Task item: Word for word, restate the line containing "l g R \<longleftrightarrow>" and all the lines that come after it in the entries below. Include nothing from before it.
*** Opening Data under study ***
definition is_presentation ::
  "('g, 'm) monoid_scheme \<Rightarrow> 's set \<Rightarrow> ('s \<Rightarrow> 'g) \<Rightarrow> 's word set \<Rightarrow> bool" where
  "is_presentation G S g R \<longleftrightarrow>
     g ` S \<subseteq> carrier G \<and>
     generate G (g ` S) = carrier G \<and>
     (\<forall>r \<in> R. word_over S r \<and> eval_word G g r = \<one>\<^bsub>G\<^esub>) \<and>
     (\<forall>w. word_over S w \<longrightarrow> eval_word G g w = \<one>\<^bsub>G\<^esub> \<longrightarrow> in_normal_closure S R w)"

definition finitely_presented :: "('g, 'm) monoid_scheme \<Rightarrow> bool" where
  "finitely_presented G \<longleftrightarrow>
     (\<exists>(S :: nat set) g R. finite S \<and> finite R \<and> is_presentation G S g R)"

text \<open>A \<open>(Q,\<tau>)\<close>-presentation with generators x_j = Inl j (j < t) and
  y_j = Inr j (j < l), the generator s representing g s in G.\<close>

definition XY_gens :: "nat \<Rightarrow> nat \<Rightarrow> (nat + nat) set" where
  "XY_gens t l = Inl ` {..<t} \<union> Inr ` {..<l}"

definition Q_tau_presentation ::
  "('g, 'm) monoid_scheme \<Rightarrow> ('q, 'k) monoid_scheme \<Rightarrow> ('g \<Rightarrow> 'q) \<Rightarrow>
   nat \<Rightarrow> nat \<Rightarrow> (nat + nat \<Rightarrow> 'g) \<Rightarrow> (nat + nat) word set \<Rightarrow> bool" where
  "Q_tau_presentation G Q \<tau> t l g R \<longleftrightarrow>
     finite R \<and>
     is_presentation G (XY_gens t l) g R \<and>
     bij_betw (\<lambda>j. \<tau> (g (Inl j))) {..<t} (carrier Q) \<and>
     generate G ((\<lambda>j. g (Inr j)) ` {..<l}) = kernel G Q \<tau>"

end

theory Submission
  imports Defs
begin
*** Closing Data under study ***
Finished task:
  "Q_tau_presentation G Q \<tau> t l g R \<longleftrightarrow>
     finite R \<and>
     is_presentation G (XY_gens t l) g R \<and>
     bij_betw (\<lambda>j. \<tau> (g (Inl j))) {..<t} (carrier Q) \<and>
     generate G ((\<lambda>j. g (Inr j)) ` {..<l}) = kernel G Q \<tau>"

end

theory Submission
  imports Defs
begin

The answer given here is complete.